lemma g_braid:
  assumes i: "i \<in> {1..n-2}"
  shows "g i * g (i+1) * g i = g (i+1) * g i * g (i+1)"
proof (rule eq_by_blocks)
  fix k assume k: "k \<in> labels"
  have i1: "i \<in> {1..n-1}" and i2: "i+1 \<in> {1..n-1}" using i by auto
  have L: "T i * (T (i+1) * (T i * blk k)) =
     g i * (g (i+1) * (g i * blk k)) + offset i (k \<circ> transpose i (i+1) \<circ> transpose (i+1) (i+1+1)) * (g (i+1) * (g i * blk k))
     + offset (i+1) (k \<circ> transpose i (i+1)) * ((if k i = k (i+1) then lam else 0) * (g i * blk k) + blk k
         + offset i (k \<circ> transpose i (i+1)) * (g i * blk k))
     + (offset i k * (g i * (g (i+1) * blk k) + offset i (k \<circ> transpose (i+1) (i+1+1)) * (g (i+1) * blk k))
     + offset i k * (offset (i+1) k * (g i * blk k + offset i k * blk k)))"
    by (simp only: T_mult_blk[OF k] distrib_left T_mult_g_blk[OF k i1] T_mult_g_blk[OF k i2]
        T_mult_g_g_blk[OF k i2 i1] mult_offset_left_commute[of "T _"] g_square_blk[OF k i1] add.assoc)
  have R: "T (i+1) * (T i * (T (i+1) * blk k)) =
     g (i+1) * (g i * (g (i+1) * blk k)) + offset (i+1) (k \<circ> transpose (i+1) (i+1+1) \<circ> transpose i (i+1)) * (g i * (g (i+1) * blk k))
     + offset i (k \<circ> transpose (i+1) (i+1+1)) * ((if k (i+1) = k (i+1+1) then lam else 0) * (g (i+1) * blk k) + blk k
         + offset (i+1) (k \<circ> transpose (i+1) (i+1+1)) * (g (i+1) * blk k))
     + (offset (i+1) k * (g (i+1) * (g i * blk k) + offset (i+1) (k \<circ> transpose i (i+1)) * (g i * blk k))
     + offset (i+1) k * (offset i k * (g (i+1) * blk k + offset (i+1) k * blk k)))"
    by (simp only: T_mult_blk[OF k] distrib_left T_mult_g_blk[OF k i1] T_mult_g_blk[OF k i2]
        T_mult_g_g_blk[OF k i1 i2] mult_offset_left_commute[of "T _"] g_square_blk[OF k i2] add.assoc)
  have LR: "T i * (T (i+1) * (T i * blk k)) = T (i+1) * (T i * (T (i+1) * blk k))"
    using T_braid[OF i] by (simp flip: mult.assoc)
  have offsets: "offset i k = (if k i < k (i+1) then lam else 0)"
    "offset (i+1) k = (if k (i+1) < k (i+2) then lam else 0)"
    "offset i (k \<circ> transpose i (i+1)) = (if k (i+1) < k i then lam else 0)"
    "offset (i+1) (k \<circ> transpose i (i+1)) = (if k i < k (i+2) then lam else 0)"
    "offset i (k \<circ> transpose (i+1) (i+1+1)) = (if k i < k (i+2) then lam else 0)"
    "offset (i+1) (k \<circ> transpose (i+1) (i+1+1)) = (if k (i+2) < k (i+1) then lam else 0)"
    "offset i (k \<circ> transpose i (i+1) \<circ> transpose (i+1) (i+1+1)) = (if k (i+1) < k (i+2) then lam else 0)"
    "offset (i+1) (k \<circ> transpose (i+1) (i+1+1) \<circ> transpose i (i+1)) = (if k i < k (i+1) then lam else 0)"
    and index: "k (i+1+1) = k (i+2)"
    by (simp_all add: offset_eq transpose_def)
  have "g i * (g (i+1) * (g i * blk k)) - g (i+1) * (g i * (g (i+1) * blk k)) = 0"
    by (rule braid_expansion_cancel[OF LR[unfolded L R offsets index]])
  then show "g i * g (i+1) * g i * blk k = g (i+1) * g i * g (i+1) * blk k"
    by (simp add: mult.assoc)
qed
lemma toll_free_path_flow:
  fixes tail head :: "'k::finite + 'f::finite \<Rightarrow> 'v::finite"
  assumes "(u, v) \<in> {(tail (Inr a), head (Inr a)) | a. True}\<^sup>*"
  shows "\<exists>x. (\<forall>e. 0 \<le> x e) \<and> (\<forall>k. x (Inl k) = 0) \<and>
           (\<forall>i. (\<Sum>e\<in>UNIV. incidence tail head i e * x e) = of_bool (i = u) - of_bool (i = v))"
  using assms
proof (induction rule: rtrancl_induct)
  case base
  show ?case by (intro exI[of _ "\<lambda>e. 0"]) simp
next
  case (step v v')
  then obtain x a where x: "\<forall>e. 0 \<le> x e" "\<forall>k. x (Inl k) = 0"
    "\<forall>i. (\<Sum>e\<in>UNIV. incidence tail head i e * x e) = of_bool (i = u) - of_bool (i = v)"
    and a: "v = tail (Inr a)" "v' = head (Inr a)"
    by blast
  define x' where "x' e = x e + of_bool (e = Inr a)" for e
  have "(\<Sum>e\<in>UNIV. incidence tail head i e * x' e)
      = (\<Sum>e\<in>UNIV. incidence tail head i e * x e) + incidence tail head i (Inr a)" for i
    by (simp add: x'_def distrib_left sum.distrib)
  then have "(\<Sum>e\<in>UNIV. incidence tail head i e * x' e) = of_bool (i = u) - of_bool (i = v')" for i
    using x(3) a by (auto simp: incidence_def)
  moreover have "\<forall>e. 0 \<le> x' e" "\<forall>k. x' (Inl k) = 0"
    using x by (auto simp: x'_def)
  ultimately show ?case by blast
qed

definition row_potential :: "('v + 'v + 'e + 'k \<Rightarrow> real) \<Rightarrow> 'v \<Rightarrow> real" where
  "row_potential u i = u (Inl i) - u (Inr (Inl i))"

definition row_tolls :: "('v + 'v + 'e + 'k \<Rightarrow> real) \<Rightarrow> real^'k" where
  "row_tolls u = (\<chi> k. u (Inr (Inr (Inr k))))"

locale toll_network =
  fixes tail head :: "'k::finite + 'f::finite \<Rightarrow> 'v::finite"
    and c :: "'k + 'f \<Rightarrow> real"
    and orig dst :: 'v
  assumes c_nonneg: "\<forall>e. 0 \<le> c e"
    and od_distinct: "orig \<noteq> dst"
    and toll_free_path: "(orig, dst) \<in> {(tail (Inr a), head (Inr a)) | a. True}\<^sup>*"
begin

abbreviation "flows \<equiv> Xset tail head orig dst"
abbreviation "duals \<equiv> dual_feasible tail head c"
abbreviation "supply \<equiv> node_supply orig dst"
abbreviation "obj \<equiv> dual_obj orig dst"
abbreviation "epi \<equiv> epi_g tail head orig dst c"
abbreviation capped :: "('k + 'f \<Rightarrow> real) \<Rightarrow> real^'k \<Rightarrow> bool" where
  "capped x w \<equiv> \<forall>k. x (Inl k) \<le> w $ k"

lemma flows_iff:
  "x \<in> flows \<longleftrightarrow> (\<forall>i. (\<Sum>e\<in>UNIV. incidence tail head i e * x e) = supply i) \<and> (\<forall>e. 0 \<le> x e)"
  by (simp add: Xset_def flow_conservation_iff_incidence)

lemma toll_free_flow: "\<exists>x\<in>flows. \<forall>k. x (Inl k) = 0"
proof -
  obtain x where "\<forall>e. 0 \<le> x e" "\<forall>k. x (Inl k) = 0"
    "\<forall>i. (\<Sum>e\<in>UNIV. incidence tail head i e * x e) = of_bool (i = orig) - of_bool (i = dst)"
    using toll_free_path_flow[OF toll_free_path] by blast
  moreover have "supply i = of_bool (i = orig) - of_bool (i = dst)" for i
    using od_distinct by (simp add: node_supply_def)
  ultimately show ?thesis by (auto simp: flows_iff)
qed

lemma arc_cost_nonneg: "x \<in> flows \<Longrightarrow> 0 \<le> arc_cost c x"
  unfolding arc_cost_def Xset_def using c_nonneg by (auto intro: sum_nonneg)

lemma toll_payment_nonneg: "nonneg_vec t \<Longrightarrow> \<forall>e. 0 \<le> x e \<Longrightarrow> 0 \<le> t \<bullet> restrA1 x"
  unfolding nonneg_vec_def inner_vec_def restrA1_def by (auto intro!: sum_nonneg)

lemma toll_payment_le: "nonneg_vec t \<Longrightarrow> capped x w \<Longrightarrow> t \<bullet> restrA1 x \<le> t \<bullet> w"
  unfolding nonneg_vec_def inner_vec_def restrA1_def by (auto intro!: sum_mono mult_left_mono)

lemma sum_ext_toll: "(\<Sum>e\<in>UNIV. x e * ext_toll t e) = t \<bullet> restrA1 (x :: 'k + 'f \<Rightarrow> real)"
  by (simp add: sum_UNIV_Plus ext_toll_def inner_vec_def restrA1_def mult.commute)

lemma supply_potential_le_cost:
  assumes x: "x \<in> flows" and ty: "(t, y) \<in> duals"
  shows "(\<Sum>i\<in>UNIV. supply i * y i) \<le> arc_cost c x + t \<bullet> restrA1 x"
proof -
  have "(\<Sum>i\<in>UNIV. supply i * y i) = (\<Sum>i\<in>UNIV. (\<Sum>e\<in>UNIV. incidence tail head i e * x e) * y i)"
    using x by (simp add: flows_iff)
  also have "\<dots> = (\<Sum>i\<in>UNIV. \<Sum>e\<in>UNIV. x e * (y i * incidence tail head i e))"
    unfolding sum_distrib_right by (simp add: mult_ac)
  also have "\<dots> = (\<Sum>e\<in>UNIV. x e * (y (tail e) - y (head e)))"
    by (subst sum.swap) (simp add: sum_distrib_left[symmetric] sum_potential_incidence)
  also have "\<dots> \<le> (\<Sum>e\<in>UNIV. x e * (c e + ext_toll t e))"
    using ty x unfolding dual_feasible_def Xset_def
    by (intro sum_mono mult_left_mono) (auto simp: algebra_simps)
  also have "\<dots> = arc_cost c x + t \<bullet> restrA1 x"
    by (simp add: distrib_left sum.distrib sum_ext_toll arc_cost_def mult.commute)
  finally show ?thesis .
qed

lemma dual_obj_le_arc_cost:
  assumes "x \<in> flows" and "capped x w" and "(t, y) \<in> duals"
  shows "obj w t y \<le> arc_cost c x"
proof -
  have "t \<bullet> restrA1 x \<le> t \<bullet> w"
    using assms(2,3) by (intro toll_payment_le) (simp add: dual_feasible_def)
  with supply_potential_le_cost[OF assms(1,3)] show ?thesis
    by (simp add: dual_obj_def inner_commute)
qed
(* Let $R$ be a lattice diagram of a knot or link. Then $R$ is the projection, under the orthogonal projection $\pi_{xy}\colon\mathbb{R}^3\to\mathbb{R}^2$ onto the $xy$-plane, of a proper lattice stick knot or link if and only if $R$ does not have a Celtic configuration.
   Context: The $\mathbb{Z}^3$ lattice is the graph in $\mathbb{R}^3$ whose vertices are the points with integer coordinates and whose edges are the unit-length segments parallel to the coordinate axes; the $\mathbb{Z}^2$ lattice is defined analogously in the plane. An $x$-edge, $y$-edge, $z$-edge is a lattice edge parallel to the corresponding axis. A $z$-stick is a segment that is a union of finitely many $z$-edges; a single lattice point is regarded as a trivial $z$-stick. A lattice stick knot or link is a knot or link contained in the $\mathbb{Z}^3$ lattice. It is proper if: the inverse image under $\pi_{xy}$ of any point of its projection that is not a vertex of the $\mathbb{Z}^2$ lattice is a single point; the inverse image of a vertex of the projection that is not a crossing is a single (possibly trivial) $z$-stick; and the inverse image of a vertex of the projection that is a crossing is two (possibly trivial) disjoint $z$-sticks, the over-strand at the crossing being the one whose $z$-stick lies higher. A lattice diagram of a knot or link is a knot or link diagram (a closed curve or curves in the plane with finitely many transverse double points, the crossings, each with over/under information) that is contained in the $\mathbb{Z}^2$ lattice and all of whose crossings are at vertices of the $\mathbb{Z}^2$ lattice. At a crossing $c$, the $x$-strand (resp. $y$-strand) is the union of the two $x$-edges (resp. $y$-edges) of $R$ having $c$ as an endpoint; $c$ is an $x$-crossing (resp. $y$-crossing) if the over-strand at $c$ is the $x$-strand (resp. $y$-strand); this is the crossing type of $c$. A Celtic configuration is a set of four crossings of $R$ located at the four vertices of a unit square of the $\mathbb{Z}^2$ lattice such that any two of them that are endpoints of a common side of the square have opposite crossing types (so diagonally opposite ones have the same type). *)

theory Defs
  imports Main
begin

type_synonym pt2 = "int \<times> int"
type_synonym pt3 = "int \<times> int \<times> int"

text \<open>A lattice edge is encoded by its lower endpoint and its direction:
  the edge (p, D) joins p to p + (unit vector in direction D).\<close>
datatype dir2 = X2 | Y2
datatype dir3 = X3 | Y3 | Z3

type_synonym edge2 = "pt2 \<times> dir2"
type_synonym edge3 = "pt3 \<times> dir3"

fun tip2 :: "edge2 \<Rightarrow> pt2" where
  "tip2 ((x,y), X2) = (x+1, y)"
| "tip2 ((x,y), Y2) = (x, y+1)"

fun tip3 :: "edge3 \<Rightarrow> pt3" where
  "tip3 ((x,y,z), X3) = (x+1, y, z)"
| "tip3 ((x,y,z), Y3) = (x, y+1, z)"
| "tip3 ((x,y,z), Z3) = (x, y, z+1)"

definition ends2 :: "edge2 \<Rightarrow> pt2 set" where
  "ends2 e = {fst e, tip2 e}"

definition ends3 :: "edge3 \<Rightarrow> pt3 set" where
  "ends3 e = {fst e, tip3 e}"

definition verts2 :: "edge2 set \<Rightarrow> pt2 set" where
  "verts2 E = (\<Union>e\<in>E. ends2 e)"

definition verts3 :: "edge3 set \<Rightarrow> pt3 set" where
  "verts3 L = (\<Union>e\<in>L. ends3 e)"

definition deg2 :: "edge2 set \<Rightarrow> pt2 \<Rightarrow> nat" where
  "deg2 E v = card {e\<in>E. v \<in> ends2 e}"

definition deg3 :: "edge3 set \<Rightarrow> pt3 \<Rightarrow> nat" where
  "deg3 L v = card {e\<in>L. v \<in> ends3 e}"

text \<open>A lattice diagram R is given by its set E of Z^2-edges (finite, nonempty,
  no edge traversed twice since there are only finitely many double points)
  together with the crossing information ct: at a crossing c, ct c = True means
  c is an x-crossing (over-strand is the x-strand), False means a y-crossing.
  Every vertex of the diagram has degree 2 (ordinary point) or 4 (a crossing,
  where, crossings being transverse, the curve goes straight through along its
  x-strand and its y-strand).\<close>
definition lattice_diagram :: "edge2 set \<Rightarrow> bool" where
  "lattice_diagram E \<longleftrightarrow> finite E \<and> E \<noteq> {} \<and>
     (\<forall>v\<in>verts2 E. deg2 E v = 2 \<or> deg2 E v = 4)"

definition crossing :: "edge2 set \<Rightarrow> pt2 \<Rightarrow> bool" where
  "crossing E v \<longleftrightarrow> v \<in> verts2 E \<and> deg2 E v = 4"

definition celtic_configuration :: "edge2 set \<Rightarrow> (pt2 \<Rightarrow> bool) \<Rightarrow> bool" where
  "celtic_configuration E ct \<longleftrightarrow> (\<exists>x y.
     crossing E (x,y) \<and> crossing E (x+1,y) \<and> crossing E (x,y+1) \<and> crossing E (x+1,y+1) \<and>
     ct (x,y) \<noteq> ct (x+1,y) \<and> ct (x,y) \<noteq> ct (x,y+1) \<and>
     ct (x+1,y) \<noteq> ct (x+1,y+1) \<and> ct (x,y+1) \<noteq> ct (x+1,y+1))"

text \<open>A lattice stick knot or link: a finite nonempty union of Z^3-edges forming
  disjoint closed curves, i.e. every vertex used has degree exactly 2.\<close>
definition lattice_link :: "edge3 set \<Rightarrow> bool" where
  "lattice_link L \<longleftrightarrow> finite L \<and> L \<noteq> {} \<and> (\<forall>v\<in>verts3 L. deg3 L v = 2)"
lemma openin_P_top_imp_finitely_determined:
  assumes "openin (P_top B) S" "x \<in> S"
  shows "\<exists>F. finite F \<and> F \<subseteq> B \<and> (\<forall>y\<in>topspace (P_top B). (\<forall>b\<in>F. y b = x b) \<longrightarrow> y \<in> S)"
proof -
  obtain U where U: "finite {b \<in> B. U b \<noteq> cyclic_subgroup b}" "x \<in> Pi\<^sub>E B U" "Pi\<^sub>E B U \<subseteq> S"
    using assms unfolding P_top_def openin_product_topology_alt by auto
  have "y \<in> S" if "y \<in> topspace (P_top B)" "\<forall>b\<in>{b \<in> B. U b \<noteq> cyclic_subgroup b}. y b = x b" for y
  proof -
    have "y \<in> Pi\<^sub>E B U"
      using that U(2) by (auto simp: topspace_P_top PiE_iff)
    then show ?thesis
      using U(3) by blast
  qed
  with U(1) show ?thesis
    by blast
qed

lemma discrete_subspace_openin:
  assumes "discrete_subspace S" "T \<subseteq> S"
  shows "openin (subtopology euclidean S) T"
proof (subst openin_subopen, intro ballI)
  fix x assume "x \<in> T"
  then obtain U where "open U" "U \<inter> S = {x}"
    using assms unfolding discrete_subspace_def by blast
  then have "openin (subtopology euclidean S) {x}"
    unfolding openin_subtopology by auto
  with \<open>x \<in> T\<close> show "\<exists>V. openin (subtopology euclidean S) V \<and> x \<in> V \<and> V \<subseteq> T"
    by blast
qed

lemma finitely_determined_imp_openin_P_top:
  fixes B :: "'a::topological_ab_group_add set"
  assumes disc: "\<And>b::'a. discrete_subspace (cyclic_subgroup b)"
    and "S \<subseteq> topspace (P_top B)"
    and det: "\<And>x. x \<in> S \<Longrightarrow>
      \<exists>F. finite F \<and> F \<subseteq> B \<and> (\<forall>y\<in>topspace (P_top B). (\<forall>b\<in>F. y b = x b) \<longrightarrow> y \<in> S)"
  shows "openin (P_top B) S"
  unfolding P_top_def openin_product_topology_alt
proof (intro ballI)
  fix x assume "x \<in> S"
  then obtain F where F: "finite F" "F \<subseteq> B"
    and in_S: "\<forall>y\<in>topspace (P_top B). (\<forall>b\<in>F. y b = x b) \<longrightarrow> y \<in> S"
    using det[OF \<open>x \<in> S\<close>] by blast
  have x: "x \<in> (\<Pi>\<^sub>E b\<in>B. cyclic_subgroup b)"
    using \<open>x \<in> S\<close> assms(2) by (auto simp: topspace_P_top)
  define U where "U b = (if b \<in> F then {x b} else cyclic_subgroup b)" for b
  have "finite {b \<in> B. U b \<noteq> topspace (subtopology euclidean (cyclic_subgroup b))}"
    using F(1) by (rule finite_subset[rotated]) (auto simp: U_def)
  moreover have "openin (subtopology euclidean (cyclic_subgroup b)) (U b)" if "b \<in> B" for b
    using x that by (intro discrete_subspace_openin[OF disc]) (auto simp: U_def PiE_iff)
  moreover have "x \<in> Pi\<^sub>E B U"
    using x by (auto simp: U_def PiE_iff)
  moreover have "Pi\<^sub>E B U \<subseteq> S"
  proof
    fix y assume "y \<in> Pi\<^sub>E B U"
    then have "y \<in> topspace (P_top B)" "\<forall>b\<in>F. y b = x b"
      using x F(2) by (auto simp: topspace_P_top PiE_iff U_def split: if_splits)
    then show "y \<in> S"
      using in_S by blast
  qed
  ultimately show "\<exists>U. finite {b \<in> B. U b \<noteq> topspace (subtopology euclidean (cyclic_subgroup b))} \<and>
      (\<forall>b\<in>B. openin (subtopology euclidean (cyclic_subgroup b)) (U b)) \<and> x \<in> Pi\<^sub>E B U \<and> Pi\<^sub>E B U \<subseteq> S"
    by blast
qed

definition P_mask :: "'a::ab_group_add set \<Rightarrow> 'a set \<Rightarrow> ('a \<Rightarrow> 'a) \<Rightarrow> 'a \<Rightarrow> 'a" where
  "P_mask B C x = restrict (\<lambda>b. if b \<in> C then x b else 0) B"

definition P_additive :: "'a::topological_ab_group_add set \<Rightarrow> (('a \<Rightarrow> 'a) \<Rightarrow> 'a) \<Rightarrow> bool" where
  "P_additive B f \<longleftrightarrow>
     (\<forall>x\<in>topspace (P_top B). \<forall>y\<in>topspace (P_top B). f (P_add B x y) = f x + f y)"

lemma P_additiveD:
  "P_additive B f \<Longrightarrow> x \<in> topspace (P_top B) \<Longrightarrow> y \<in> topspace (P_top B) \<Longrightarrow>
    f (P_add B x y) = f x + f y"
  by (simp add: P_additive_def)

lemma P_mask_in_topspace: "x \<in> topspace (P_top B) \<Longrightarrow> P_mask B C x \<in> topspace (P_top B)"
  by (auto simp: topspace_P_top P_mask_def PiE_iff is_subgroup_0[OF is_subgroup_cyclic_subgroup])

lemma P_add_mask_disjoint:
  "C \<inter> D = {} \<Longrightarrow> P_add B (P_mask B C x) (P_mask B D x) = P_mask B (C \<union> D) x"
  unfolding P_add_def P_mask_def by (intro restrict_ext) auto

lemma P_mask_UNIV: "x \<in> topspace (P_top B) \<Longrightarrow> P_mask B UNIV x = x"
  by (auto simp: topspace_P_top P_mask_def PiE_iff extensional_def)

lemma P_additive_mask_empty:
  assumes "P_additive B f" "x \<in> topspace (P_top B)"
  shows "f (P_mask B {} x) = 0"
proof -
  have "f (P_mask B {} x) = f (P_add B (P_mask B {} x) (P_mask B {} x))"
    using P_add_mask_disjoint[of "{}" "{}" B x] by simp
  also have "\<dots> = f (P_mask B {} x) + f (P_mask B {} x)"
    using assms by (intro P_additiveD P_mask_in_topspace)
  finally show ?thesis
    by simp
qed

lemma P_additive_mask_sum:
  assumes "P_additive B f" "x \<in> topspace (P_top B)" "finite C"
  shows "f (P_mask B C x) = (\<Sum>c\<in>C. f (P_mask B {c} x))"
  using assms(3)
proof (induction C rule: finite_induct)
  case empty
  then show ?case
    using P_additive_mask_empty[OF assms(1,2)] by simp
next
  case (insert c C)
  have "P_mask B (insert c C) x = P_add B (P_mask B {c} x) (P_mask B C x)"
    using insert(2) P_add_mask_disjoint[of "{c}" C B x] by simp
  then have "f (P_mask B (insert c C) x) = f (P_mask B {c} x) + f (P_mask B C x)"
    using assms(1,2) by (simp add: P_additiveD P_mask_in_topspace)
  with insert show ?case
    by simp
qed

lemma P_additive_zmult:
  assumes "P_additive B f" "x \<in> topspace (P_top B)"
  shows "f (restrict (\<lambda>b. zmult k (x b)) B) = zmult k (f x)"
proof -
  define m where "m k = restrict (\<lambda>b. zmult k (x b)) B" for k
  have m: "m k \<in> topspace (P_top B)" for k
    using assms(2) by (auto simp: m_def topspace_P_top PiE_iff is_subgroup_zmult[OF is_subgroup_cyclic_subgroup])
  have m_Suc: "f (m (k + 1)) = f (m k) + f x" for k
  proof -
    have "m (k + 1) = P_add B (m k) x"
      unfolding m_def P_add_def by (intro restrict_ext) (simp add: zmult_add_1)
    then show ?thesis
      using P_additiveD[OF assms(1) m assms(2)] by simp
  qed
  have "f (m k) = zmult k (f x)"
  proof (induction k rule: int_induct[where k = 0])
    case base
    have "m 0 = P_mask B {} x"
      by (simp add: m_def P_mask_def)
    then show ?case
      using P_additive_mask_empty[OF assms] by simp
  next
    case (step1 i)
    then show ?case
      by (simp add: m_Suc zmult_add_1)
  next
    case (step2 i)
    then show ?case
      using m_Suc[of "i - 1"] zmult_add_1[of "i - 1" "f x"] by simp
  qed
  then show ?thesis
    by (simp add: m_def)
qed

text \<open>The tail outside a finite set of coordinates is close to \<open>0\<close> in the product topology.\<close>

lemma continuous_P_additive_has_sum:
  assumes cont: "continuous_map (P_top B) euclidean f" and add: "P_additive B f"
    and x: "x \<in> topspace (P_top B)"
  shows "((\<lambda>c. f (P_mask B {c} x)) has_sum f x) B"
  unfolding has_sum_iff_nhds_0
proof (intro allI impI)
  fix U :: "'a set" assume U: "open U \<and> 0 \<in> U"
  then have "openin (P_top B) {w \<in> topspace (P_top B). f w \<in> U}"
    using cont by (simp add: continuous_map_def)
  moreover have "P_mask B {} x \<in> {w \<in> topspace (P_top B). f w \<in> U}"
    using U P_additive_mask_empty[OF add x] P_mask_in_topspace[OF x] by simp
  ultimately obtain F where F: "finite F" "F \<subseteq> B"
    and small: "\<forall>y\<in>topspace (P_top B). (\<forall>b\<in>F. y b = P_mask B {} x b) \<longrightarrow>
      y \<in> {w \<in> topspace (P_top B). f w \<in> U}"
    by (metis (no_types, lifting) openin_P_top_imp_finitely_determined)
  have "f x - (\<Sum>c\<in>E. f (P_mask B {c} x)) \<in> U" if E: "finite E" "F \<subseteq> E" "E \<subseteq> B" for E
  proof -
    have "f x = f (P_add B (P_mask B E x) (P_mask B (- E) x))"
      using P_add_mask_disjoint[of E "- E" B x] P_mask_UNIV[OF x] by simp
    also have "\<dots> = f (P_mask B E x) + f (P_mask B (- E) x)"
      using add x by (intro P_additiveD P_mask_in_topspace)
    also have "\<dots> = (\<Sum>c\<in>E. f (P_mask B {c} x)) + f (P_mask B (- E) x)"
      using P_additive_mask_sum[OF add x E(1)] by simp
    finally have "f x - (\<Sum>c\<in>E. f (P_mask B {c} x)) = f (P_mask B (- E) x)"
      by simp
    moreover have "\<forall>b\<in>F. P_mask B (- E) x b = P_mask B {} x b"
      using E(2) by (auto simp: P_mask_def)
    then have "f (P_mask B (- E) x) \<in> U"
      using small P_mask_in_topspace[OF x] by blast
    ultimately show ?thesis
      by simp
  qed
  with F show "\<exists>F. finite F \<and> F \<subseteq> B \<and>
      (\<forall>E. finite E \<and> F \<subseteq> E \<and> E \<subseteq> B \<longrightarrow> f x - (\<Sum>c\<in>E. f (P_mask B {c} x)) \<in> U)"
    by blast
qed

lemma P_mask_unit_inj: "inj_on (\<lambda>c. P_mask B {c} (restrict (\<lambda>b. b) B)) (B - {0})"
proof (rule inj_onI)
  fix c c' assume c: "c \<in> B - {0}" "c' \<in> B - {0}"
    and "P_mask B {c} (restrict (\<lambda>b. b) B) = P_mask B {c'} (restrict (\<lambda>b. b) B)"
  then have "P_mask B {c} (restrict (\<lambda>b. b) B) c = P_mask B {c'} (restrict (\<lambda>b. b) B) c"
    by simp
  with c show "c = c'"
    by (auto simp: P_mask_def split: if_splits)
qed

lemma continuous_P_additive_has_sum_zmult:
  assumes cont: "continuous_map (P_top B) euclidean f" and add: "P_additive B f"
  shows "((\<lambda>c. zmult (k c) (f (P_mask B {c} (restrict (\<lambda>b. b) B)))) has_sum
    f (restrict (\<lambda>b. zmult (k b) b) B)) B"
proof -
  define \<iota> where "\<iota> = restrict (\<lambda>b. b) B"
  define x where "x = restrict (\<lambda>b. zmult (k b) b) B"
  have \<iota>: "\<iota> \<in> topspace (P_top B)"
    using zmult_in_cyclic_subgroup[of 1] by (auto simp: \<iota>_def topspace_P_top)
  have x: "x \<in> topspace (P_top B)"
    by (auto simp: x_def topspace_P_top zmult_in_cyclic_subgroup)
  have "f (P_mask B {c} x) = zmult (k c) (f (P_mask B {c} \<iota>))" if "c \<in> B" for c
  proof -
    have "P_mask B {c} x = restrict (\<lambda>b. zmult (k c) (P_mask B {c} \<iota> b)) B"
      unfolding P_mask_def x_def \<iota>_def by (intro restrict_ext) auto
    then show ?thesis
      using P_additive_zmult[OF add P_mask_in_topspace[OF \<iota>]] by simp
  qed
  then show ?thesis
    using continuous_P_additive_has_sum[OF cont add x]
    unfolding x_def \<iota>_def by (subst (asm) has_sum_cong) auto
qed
● ● ● ● ● ● ●
AIM OF THE TASK - Using the material above, filter for lines holding "longleftrightarrow" and copy each one.

REPLY TO THE EXERCISE -
  "x \<in> flows \<longleftrightarrow> (\<forall>i. (\<Sum>e\<in>UNIV. incidence tail head i e * x e) = supply i) \<and> (\<forall>e. 0 \<le> x e)"
  "lattice_diagram E \<longleftrightarrow> finite E \<and> E \<noteq> {} \<and>
  "crossing E v \<longleftrightarrow> v \<in> verts2 E \<and> deg2 E v = 4"
  "celtic_configuration E ct \<longleftrightarrow> (\<exists>x y.
  "lattice_link L \<longleftrightarrow> finite L \<and> L \<noteq> {} \<and> (\<forall>v\<in>verts3 L. deg3 L v = 2)"
  "P_additive B f \<longleftrightarrow>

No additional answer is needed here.